The house is interesting. It doesn’t have the front door facing the street; instead it is facing a fence in our “back yard.” We all have separate rooms, which I thought would be good, and I do enjoy it, but when you share a single room for all your life with two sisters breathing and mumbling in their sleep it becomes awful quiet when you are finally alone.
Yesterday I had a big scare. Abigail was sitting by me and Maggie jumped up beside me and Abigail. In Abigail’s jealous mindset she decided that Maggie was invading her territory (me) and attacked. Maggie didn’t waste any time in pinning her down and wrapping those enormous jaws around her head. I was screaming and jumping up and down, and when I saw Maggie bite down I pushed her off the chair and onto the floor, grabbed Abigail, and ran screaming to my dad yelling, “Help her! Help her! Help her!” Over and over again until he grabbed her and started looking for a bite mark. He finally found it on her head and when I went to look at it, it was a giant gash mark on her head the size of the Grand Canyon.
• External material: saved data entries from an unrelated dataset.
(* Fix constants $P_1,\dots,P_N\ge0$. For each $M$ let $\mathbf{a}^{(M)}\in\mathbb{C}^N$ satisfy $|a_i^{(M)}|^2=P_i/\sqrt{M}$. Then, almost surely, $$\lim_{M\to\infty}D_{\mathbf{H}_M}(\mathbf{a}^{(M)})=\frac{\sigma_\theta^4\Big(\sum_{i=1}^N P_i/d_i^{\alpha}\Big)^2}{\sum_{i=1}^N\sigma_{v,i}^4P_i^2/d_i^{2\alpha}+\sigma_n^4},$$ which does not depend on $M$; i.e. scaling the sensor transmit powers by $1/\sqrt{M}$ keeps the deflection of the energy detector asymptotically constant.
   Context: Constants: $\sigma_\theta^2,\sigma_n^2>0$, $\sigma_{v,i}^2>0$, $d_i>0$, $\alpha>0$; $\mathbf{V}=\mathrm{diag}\{\sigma_{v,1}^2,\dots,\sigma_{v,N}^2\}$. Channel: $(\tilde h_{mi})_{m\ge1,1\le i\le N}$ i.i.d. $\mathcal{CN}(0,1)$, $\mathbf{H}_M\in\mathbb{C}^{M\times N}$ with $[\mathbf{H}_M]_{mi}=\tilde h_{mi}/\sqrt{d_i^\alpha}$. For $\mathbf{a}\in\mathbb{C}^N$, $\mathbf{D}=\mathrm{diag}\{a_i\}$; with $\theta\sim\mathcal{CN}(0,\sigma_\theta^2)$, $\mathbf{v}\sim\mathcal{CN}(\mathbf{0},\mathbf{V})$, $\mathbf{n}\sim\mathcal{CN}(\mathbf{0},\sigma_n^2\mathbf{I}_M)$ independent, $\mathcal{H}_0:\mathbf{y}=\mathbf{H}\mathbf{D}\mathbf{v}+\mathbf{n}$, $\mathcal{H}_1:\mathbf{y}=\mathbf{H}\mathbf{a}\theta+\mathbf{H}\mathbf{D}\mathbf{v}+\mathbf{n}$. Energy detector statistic $T=\frac1M\mathbf{y}^H\mathbf{y}$. Deflection (with $\mathbf{H}$ held fixed, expectations over $\theta,\mathbf{v},\mathbf{n}$): $D_{\mathbf{H}}(\mathbf{a})=\dfrac{(\mathbb{E}\{T|\mathcal{H}_1\}-\mathbb{E}\{T|\mathcal{H}_0\})^2}{\mathrm{Var}\{T|\mathcal{H}_0\}}$. *)

theory Defs
  imports "HOL-Probability.Probability"
begin

text \<open>Circularly-symmetric complex Gaussian CN(0,s2): real and imaginary parts
  independent N(0, s2/2) (normal_density takes the standard deviation).\<close>
definition cgauss :: "real \<Rightarrow> complex measure" where
  "cgauss s2 = distr
     (density lborel (normal_density 0 (sqrt (s2 / 2))) \<Otimes>\<^sub>M
      density lborel (normal_density 0 (sqrt (s2 / 2))))
     borel (\<lambda>(x, y). Complex x y)"
(* Fix $q\ge2$. Let $\Delta_n=\log_q n-\lceil\log_q n\rceil$ and $$F(\Delta)=\max_{z\in\{-2,-1,0\}}\Big\{\Delta-z-(\log_q e)(q-1)q^{\Delta-z-1}\Big\}.$$ Then $$\lim_{n\to\infty}\frac{\mathcal C_1(n,q)}{\frac{q^n}{n}\big(\frac{q-1}{q}\big)^2q^{F(\Delta_n)}}=1,$$ and for every $\Delta\in(-1,0]$, $\big(\frac{q-1}{q}\big)^2q^{F(\Delta)}\le\frac{q-1}{eq}$. Moreover, the latter inequality is tight: along any subsequence of $n\to\infty$ with $\Delta_n=-\log_q(q-1)$ (or $\Delta_n\to-\log_q(q-1)$), $\mathcal C_1(n,q)\cdot\frac{n}{q^n}\to\frac{q-1}{eq}$.
   Context: $\Sigma_q=\{0,\dots,q-1\}$. For integers $1\le k<n$, $\mathcal C_1(n,q,k)$ is the set of $\vec a\in\Sigma_q^n$ with $a_1=\dots=a_k=0$, $a_{k+1}\ne0$, $a_n\ne0$, and $(a_{k+2},\dots,a_{n-1})$ containing no run of $k$ consecutive zeros. $\mathcal C_1(n,q)=\max_{1\le k<n}|\mathcal C_1(n,q,k)|$. *)

theory Defs
  imports "HOL-Analysis.Analysis"
begin

text \<open>Words of length n over the alphabet {0,...,q-1} are lists; position i (1-based)
 in the paper corresponds to list index i-1.\<close>

definition has_zero_run :: "nat \<Rightarrow> nat list \<Rightarrow> bool" where
  "has_zero_run k ys \<longleftrightarrow> (\<exists>i. i + k \<le> length ys \<and> (\<forall>j. i \<le> j \<and> j < i + k \<longrightarrow> ys ! j = 0))"

definition C1k :: "nat \<Rightarrow> nat \<Rightarrow> nat \<Rightarrow> nat list set" where
  "C1k n q k = {a. length a = n \<and> set a \<subseteq> {0..<q}
      \<and> (\<forall>i<k. a ! i = 0)
      \<and> a ! k \<noteq> 0
      \<and> a ! (n - 1) \<noteq> 0
      \<and> \<not> has_zero_run k (take (n - 1 - (k + 1)) (drop (k + 1) a))}"

definition C1 :: "nat \<Rightarrow> nat \<Rightarrow> nat" where
  "C1 n q = Max ((\<lambda>k. card (C1k n q k)) ` {1..<n})"

definition Delta :: "nat \<Rightarrow> nat \<Rightarrow> real" where
  "Delta q n = log (real q) (real n) - real_of_int \<lceil>log (real q) (real n)\<rceil>"

definition Fq :: "nat \<Rightarrow> real \<Rightarrow> real" where
  "Fq q d = Max ((\<lambda>z::int. d - real_of_int z
      - log (real q) (exp 1) * (real q - 1) * real q powr (d - real_of_int z - 1)) ` {-2, -1, 0})"

end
Mom says it’s not that big, but in this situation I am Mom and Mom is Dad (and for those of you who know my mom you will understand). We took her to the emergency vet and they fixed her up real nice, but we had to wait for an hour and in that time we noticed three sets of people come in. A couple whose golden retriever, Daisy, had been blind for two years, she wasn’t eating, and she was twelve. Then, there was a woman whose cat needed to be put down, this made Momma cry a little bit and when they brought the cat out in a cardboard box I started to tear up. After the cat people there was a man who brought in a kitten that had fallen on a steak knife. When we looked in the box he had covered the kitten in a pink baby blanket and you couldn’t see the cut. Dad says that the clinic needs their own TV show.
In case you can't tell that is Abigail's Grand Canyon of a gash.
So, so far Washington has been interesting. As Noah said there was a Halloween shop with some interesting zombie stuff, and of course there are the rogue, some degrees removed cousins/aunts who try to take your eye out with a birthday knife. I’m not naming any names but let’s just say Cousin/Aunt Verna’s house is a hoot.
I don’t know if Washington will ever be home, but for now it’ll have to try and keep up with us. So far we’re louder, friendlier, and crazier than most Washingtonians here. So let’s see who survives who first around here.